Power theft closes city firm

2013-04-12 00:00

WHOLESALE theft of electricity, with thieves removing new cables as fast as they are being replaced, could be causing companies in Pietermaritzburg to to close down, leading to job losses.

This is what Dave Varrie believes. He should know — he continues to be a victim.

Varrie ran Bargain Blocks, a concrete block manufacturing business on Bambatha Road. The factory operated for seven years without a problem until the middle of last year when the thefts started and continued unrelentingly.

In the end, with losses running into hundreds of thousands of rands, the company was forced to close.

“We had to let 36 workers go who were bread­winners,” said Varrie.

“They say that for every person who loses his or her job, at least five others are affected; this was the sad consequence of the theft.”

Bargain Blocks first faced montly electricity bills of R20 000 and the cost increased as its electricity was being stolen.

It took Varrie months to sort out the problem, and only recently, after several representations to the municipality, Bargain Blocks was refunded R73 000.
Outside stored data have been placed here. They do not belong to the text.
lemma ff_ord_cantor_fun_branch_zero:
  fixes p b A :: "complex poly"
  assumes p: "rsquarefree p" "poly p u = 0" and bu: "poly b u = 0" and A: "A \<noteq> 0"
  shows "ff_ord p (cantor_fun b A) (Fin u 0) = 1 - 2 * int (order u A)"
proof (rule ff_ord_eqI)
  show "\<exists>g. local_expr p (Fin u 0) (cantor_fun b A) g" by (rule local_expr_exists_branch[OF p])
next
  fix g assume "local_expr p (Fin u 0) (cantor_fun b A) g"
  then obtain e Y where e: "e > 0" and hY: "Y holomorphic_on ball 0 e"
    and Ysq: "\<And>t. t \<in> ball 0 e \<Longrightarrow> (Y t)^2 = poly p (u + t^2)"
    and gY: "\<And>t. t \<in> ball 0 e - {0} \<Longrightarrow> g t = (Y t - poly b (u + t^2)) / poly A (u + t^2)"
    unfolding local_expr_def by (auto simp: ff_eval_cantor_fun)
  obtain W where W: "W holomorphic_on ball 0 e" "W 0 \<noteq> 0" "\<And>t. Y t = t * W t"
    using branch_local_y_factor[OF p e hY Ysq] by blast
  obtain R where R: "poly R u \<noteq> 0" "\<And>t. poly A (u + t) = t ^ order u A * poly R (u + t)"
    using poly_shift_order[OF A] by blast
  obtain c where c: "b = [:-u,1:] * c" using bu by (metis dvdE poly_eq_0_iff_dvd)
  have "zorder g 0 = 1 - int (2 * order u A)"
  proof (rule zorder_eq_if_quotient[OF e, of "\<lambda>t. W t - t * poly c (u + t^2)" "\<lambda>t. poly R (u + t^2)"])
    show "(\<lambda>t. W t - t * poly c (u + t^2)) holomorphic_on ball 0 e" by (intro holomorphic_intros W(1))
    show "(\<lambda>t. poly R (u + t^2)) holomorphic_on ball 0 e" by (intro holomorphic_intros)
  next
    fix t :: complex assume t: "t \<in> ball 0 e" "t \<noteq> 0"
    have "g t = (W t - t * poly c (u + t^2)) / poly R (u + t^2) * (t / t ^ (2 * order u A))"
      using gY[of t] R(2)[of "t^2"] t by (simp add: W(3) c power2_eq_square power_mult field_simps)
    also have "t / t ^ (2 * order u A) = t powi (1 - int (2 * order u A))"
      using t(2) power_int_diff[of t 1 "int (2 * order u A)"]
      by (simp only: power_int_of_nat power_int_1_right) simp
    finally show "g t = (W t - t * poly c (u + t^2)) / poly R (u + t^2) * t powi (1 - int (2 * order u A))" .
  qed (use W(2) R(1) in auto)
  then show "zorder g 0 = 1 - 2 * int (order u A)" by simp
qed

lemma order_square_minus_at_simple_root:
  fixes p b :: "complex poly"
  assumes "rsquarefree p" "poly p u = 0" "poly b u = 0"
  shows "order u (b^2 - p) = 1"
proof -
  have "poly (pderiv p) u \<noteq> 0" using assms(1,2) by (auto simp: rsquarefree_roots)
  then have "poly (pderiv (b^2 - p)) u \<noteq> 0" using assms(3) by (simp add: pderiv_diff pderiv_power)
  then have "b^2 - p \<noteq> 0" "order u (pderiv (b^2 - p)) = 0" by (auto simp: order_0I)
  moreover have "poly (b^2 - p) u = 0" using assms(2,3) by simp
  ultimately show ?thesis using order_pderiv[of "b^2 - p" u] by simp
qed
Then the thieves brazenly hooked up to the mini substation that fed the factory. Each time an illegal connection went wrong, the plant experienced blow-outs and had to spend thousands on repairs on its machinery.

Varrie said that when the thieves needed masses of cabling to feed electricity to surrounding clients. they cut holes in the fence and dug trenches to steal the underground cables.

The thieves even sat in the factory yard and stripped the insulation of the cables. As soon as a cable was replaced, it was stolen.

Varrie said the last straw was a scary encounter with the thieves — they threatened to burn down the factory if they were identified and caught.

The factory was closed and the site lay empty for months until local businessman Naaz Moosa made an offer to buy it.

Varrie said he went through weeks of red tape to get the municipality to re-connect the electricity. It was finally done on Monday morning.

Two hours later he went to check the connection and was shocked to find the thieves trying to break the newly installed locks on the sub-station. They threatened him and he fled.

On Tuesday Varrie met Moosa at the site and municipal security staff and electricians arrived to examine the sub-station.

They found the locks broken and a web of cables leading from the plugs to the surrounding area. Residents gathered silently in the background watching as their illegal connections were removed.

Moosa has plans to employ 120 workers on the site and is optimistic about the new business venture, but admitted that Tuesday’s incident left him shaken.

The electricity and security team at Msunduzi Municipality said Varrie’s losses should give Pietermaritzburg residents an idea of how much money, time and effort went into combating electricity theft.

Electricity department head Sabata Nomnganga said money meant for maintenance and upgrading was being used to combat theft.

In the short term the department will consider moving the sub-station.

Msunduzi’s head of traffic and safety, Kwenza Khumalo, said there was a concerted, long-term drive to deal with the theft and assign task teams to work with the police, other municipalities and government departments.

Pietermaritzburg Chamber of Business CEO Melanie Veness was sent an e-mail asking her how electricity theft was affecting businesses in the city. She was out of the office yesterday, but is expected to respond.